Forest Birds and Raptors

  • need to conserve energy during North American winters to survive. Viewing should minimize disturbance at this time.
  • can be stressed or endangered by too many people calling birds in with recorded bird calls.
  • can lose eggs or young to predators if disturbed from the nest. Avoid going near nests.

Make yourself less noticeable through the use of bird blinds and drab clothing.

Fish

  • if stressed during spawning may move to less suitable spawning sites, leading to reduced reproductive success.
  • eggs and newly hatched fish are sensitive to silting or any physical disruption, so avoid damage to the streambed. Reduce stream bank erosion by staying back from the stream edge.

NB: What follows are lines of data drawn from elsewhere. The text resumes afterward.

text \<open>The coefficient of \<open>1\<close> in the graded decomposition (\<open>1 \<in> Eg \<one>\<close> is a multiple of \<open>b \<one>\<close>).\<close>
definition tau :: "'e \<Rightarrow> 'k" where
  "tau e = coord e (b \<one>\<^bsub>\<Gamma>\<^esub>) / coord 1 (b \<one>\<^bsub>\<Gamma>\<^esub>)"

lemma one_eq_scale_b_one:
  obtains c where "c \<noteq> 0" "1 = s c (b \<one>\<^bsub>\<Gamma>\<^esub>)" "coord 1 (b \<one>\<^bsub>\<Gamma>\<^esub>) = c"
proof -
  obtain c where c: "1 = s c (b \<one>\<^bsub>\<Gamma>\<^esub>)" using one_mem_Eg_one Eg_eq_line[OF Gr.one_closed] by auto
  hence "c \<noteq> 0" by (metis V.scale_zero_left zero_neq_one)
  moreover have "coord 1 (b \<one>\<^bsub>\<Gamma>\<^esub>) = c" by (subst c) (simp add: coord_scale_b)
  ultimately show ?thesis using that c by blast
qed

lemma tau_add: "tau (u + v) = tau u + tau v"
  unfolding tau_def by (simp add: coord_add add_divide_distrib)

lemma tau_scale: "tau (s c u) = c * tau u"
  unfolding tau_def by (simp add: coord_scale)

lemma tau_zero: "tau 0 = 0"
  using tau_scale[of 0 0] by simp

lemma tau_sum: "tau (sum f A) = (\<Sum>i\<in>A. tau (f i))"
  using sum_comp_morphism[of tau f A] tau_zero tau_add by (simp add: comp_def)

lemma tau_one: "tau 1 = 1"
  by (rule one_eq_scale_b_one) (simp add: tau_def)

lemma tau_Eg_zero: assumes x: "x \<in> G" "x \<noteq> \<one>\<^bsub>\<Gamma>\<^esub>" and a: "a \<in> Eg x" shows "tau a = 0"
proof -
  obtain c where "a = s c (b x)" using a Eg_eq_line[OF x(1)] by auto
  thus ?thesis unfolding tau_def using x by (simp add: coord_scale_b)
qed

lemma Eg_one_eq_scale_one: assumes a: "a \<in> Eg \<one>\<^bsub>\<Gamma>\<^esub>" shows "a = s (tau a) 1"
proof -
  obtain c where c: "a = s c (b \<one>\<^bsub>\<Gamma>\<^esub>)" using a Eg_eq_line[OF Gr.one_closed] by auto
  obtain c1 where c1: "c1 \<noteq> 0" "1 = s c1 (b \<one>\<^bsub>\<Gamma>\<^esub>)" "coord 1 (b \<one>\<^bsub>\<Gamma>\<^esub>) = c1"
    by (rule one_eq_scale_b_one)
  have "tau a = c / c1" unfolding tau_def using c c1 by (simp add: coord_scale_b)
  hence "s (tau a) 1 = s (c / c1) (s c1 (b \<one>\<^bsub>\<Gamma>\<^esub>))" using c1(2) by simp
  thus ?thesis using c c1(1) by simp
qed

definition nz_homogeneous :: "'e \<Rightarrow> 'g \<Rightarrow> bool" where
  "nz_homogeneous a x \<longleftrightarrow> x \<in> G \<and> a \<in> Eg x \<and> a \<noteq> 0"

lemma nz_homogeneous_b: "x \<in> G \<Longrightarrow> nz_homogeneous (b x) x"
  using b_mem b_nonzero unfolding nz_homogeneous_def by auto

lemma b_invertible:
  assumes x: "x \<in> G"
  obtains r where "r \<in> Eg (inv\<^bsub>\<Gamma>\<^esub> x)" "b x * r = 1" "r * b x = 1"
proof -
  define y where "y = inv\<^bsub>\<Gamma>\<^esub> x"
  have y: "y \<in> G" using x by (simp add: y_def)
  have "b x * b y \<in> Eg \<one>\<^bsub>\<Gamma>\<^esub>" "b y * b x \<in> Eg \<one>\<^bsub>\<Gamma>\<^esub>"
    using Eg_mult_mem[OF x y b_mem[OF x] b_mem[OF y]] Eg_mult_mem[OF y x b_mem[OF y] b_mem[OF x]] x
    by (simp_all add: y_def)
  hence p: "b x * b y = s (tau (b x * b y)) 1" and q: "b y * b x = s (tau (b y * b x)) 1"
    by (simp_all add: Eg_one_eq_scale_one[symmetric])
  have tp: "tau (b x * b y) \<noteq> 0" and tq: "tau (b y * b x) \<noteq> 0"
    using p q b_mult_nonzero[OF x y] b_mult_nonzero[OF y x] by (metis V.scale_zero_left)+
  define r where "r = s (1 / tau (b x * b y)) (b y)"
  define l where "l = s (1 / tau (b y * b x)) (b y)"
  have xr: "b x * r = 1"
    unfolding r_def scale_mult_right by (subst p) (simp add: tp)
  have lx: "l * b x = 1"
    unfolding l_def scale_mult_left by (subst q) (simp add: tq)
  have "l = l * (b x * r)" using xr by simp
  also have "\<dots> = r" using lx by (simp add: mult.assoc[symmetric])
  finally have "l = r" .
  moreover have "r \<in> Eg y" unfolding r_def by (rule scale_mem_Eg[OF y b_mem[OF y]])
  ultimately show ?thesis using xr lx that y_def by blast
qed

lemma nz_homogeneous_ring_inv:
  assumes a: "nz_homogeneous a x"
  shows "a * ring_inv a = 1" "ring_inv a * a = 1" "nz_homogeneous (ring_inv a) (inv\<^bsub>\<Gamma>\<^esub> x)"
proof -
  have x: "x \<in> G" using a nz_homogeneous_def by simp
  obtain c where c: "c \<noteq> 0" "a = s c (b x)"
    using a Eg_eq_line[OF x] unfolding nz_homogeneous_def by fastforce
  obtain r where r: "r \<in> Eg (inv\<^bsub>\<Gamma>\<^esub> x)" "b x * r = 1" "r * b x = 1" using b_invertible[OF x] by blast
  define a' where "a' = s (1 / c) r"
  have 1: "a * a' = 1" and 2: "a' * a = 1"
    using c r by (simp_all add: a'_def scale_mult_left scale_mult_right)
  have ri: "ring_inv a = a'" by (rule ring_inv_eqI[OF 1 2])
  show "a * ring_inv a = 1" "ring_inv a * a = 1" using 1 2 ri by simp_all
  have "a' \<noteq> 0" using 1 by auto
  moreover have "a' \<in> Eg (inv\<^bsub>\<Gamma>\<^esub> x)" unfolding a'_def using r x by (intro scale_mem_Eg) auto
  ultimately show "nz_homogeneous (ring_inv a) (inv\<^bsub>\<Gamma>\<^esub> x)" unfolding nz_homogeneous_def using ri x by simp
qed

lemma ring_inv_b:
  assumes x: "x \<in> G"
  shows "b x * ring_inv (b x) = 1" "ring_inv (b x) * b x = 1" "ring_inv (b x) \<in> Eg (inv\<^bsub>\<Gamma>\<^esub> x)"
  using nz_homogeneous_ring_inv[OF nz_homogeneous_b[OF x]] unfolding nz_homogeneous_def by auto

lemma ring_inv_scale:
  assumes a: "nz_homogeneous a x" and c: "c \<noteq> 0"
  shows "ring_inv (s c a) = s (inverse c) (ring_inv a)"
  by (rule ring_inv_eqI)
    (use nz_homogeneous_ring_inv[OF a] c in \<open>simp_all add: scale_mult_left scale_mult_right\<close>)

lemma ring_inv_mult:
  assumes a: "nz_homogeneous a x" and a': "nz_homogeneous a' y"
  shows "ring_inv (a * a') = ring_inv a' * ring_inv a"
proof (rule ring_inv_eqI)
  note inv = nz_homogeneous_ring_inv(1,2)[OF a] nz_homogeneous_ring_inv(1,2)[OF a']
  have "a * a' * (ring_inv a' * ring_inv a) = a * (a' * ring_inv a') * ring_inv a" by (simp add: mult.assoc)
  thus "a * a' * (ring_inv a' * ring_inv a) = 1" using inv by simp
  have "ring_inv a' * ring_inv a * (a * a') = ring_inv a' * (ring_inv a * a) * a'" by (simp add: mult.assoc)
  thus "ring_inv a' * ring_inv a * (a * a') = 1" using inv by simp
qed

lemma ring_inv_b_mult_b_cancel:
  assumes x: "x \<in> G" and y: "y \<in> G"
  shows "ring_inv (b y * b x) * b y = ring_inv (b x)"
  using ring_inv_mult[OF nz_homogeneous_b[OF y] nz_homogeneous_b[OF x]] ring_inv_b(2)[OF y]
  by (simp add: mult.assoc)

lemma bij_betw_mult_left: "y \<in> G \<Longrightarrow> bij_betw (\<lambda>x. y \<otimes>\<^bsub>\<Gamma>\<^esub> x) G G"
  by (rule bij_betw_byWitness[where f' = "\<lambda>x. inv\<^bsub>\<Gamma>\<^esub> y \<otimes>\<^bsub>\<Gamma>\<^esub> x"])
    (auto simp: Gr.m_assoc[symmetric])

text \<open>\<open>b y * b x\<close> is a nonzero multiple of \<open>b (y x)\<close>, so a summand that is invariant under
  rescaling its two arguments inversely can be reindexed along \<open>x \<mapsto> y x\<close>.\<close>
lemma sum_translate_left:
  fixes F :: "'e \<Rightarrow> 'e \<Rightarrow> 'a::comm_monoid_add"
  assumes F: "\<And>c u u'. c \<noteq> 0 \<Longrightarrow> F (s c u) (s (inverse c) u') = F u u'" and y: "y \<in> G"
  shows "(\<Sum>x\<in>G. F (b y * b x) (ring_inv (b y * b x))) = (\<Sum>x\<in>G. F (b x) (ring_inv (b x)))"
proof -
  have "F (b y * b x) (ring_inv (b y * b x)) = F (b (y \<otimes>\<^bsub>\<Gamma>\<^esub> x)) (ring_inv (b (y \<otimes>\<^bsub>\<Gamma>\<^esub> x)))"
    if x: "x \<in> G" for x
  proof -
    obtain c where c: "c \<noteq> 0" "b y * b x = s c (b (y \<otimes>\<^bsub>\<Gamma>\<^esub> x))" using b_mult_b[OF y x] by blast
    thus ?thesis using ring_inv_scale[OF nz_homogeneous_b c(1), of "y \<otimes>\<^bsub>\<Gamma>\<^esub> x"] y x F by simp
  qed
  hence "(\<Sum>x\<in>G. F (b y * b x) (ring_inv (b y * b x)))
      = (\<Sum>x\<in>G. (\<lambda>z. F (b z) (ring_inv (b z))) (y \<otimes>\<^bsub>\<Gamma>\<^esub> x))"
    by (intro sum.cong) auto
  also have "\<dots> = (\<Sum>z\<in>G. F (b z) (ring_inv (b z)))"
    by (rule sum.reindex_bij_betw[OF bij_betw_mult_left[OF y]])
  finally show ?thesis .
qed

lemma expansion_subspace:
  assumes add: "\<And>x u v. \<phi> x (u + v) = \<phi> x u + \<phi> x v" and scale: "\<And>x c u. \<phi> x (s c u) = c * \<phi> x u"
  shows "V.subspace {e. e = (\<Sum>x\<in>G. s (\<phi> x e) (u x))}"
proof -
  have "v + w = (\<Sum>x\<in>G. s (\<phi> x (v + w)) (u x))"
    if "v = (\<Sum>x\<in>G. s (\<phi> x v) (u x))" "w = (\<Sum>x\<in>G. s (\<phi> x w) (u x))" for v w
    by (subst that(1), subst that(2)) (simp add: add sum.distrib V.scale_left_distrib)
  moreover have "s c v = (\<Sum>x\<in>G. s (\<phi> x (s c v)) (u x))" if "v = (\<Sum>x\<in>G. s (\<phi> x v) (u x))" for v c
    by (subst that) (simp add: scale V.scale_sum_right)
  moreover have "\<phi> x 0 = 0" for x using scale[of x 0 0] by simp
  ultimately show ?thesis unfolding V.subspace_def by auto
qed

text \<open>The bases \<open>b x\<close> and \<open>ring_inv (b x)\<close> are dual to each other for the bilinear form
  \<open>tau (u * v)\<close>.\<close>
lemma dual_basis_expansion: "e = (\<Sum>x\<in>G. s (tau (e * b x)) (ring_inv (b x)))"
proof (rule basis_induct[where P = "\<lambda>e. e = (\<Sum>x\<in>G. s (tau (e * b x)) (ring_inv (b x)))"])
  show "V.subspace {e. e = (\<Sum>x\<in>G. s (tau (e * b x)) (ring_inv (b x)))}"
    by (rule expansion_subspace) (simp_all add: tau_add tau_scale distrib_right scale_mult_left)
  fix y assume y: "y \<in> G"
  let ?iy = "inv\<^bsub>\<Gamma>\<^esub> y"
  have iy: "?iy \<in> G" using y by simp
  have "tau (b y * b x) = 0" if x: "x \<in> G" "x \<noteq> ?iy" for x
  proof (rule tau_Eg_zero)
    show "y \<otimes>\<^bsub>\<Gamma>\<^esub> x \<in> G" using x y by simp
    show "y \<otimes>\<^bsub>\<Gamma>\<^esub> x \<noteq> \<one>\<^bsub>\<Gamma>\<^esub>" using x y by (metis Gr.inv_equality Gr.r_inv)
    show "b y * b x \<in> Eg (y \<otimes>\<^bsub>\<Gamma>\<^esub> x)" using Eg_mult_mem[OF y x(1) b_mem[OF y] b_mem[OF x(1)]] .
  qed
  hence "(\<Sum>x\<in>G. s (tau (b y * b x)) (ring_inv (b x))) = s (tau (b y * b ?iy)) (ring_inv (b ?iy))"
    using iy finite_carrier by (subst sum.remove[of _ ?iy]) (auto intro!: sum.neutral)
  also have "\<dots> = b y"
  proof -
    have "b y * b ?iy \<in> Eg \<one>\<^bsub>\<Gamma>\<^esub>" using Eg_mult_mem[OF y iy b_mem[OF y] b_mem[OF iy]] y by simp
    hence "b y * b ?iy = s (tau (b y * b ?iy)) 1" by (rule Eg_one_eq_scale_one)
    hence "b y = s (tau (b y * b ?iy)) 1 * ring_inv (b ?iy)"
      using ring_inv_b(1)[OF iy] by (metis mult.assoc mult_1_right)
    thus ?thesis by (simp add: scale_mult_left)
  qed
  finally show "b y = (\<Sum>x\<in>G. s (tau (b y * b x)) (ring_inv (b x)))" by simp
qed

Use polarizing glasses to see into the water and binoculars to view fish from a distance.

Intertidal Life

  • will die if removed from tidepools or rocks they are attached to. If rocks are moved, they should be carefully replaced exactly as they are found.

Please be respectful of marine life if you walk over intertidal rocks and shelves. View tidepool life using a bucket with a clear plastic window glued to the bottom.

Amphibians

  • Such as toads, frogs, and salamanders live in decaying logs and under slabs of bark or stones. Use trails and avoid trampling their homes.
  • are highly sensitive to handling. Avoid handling these animals.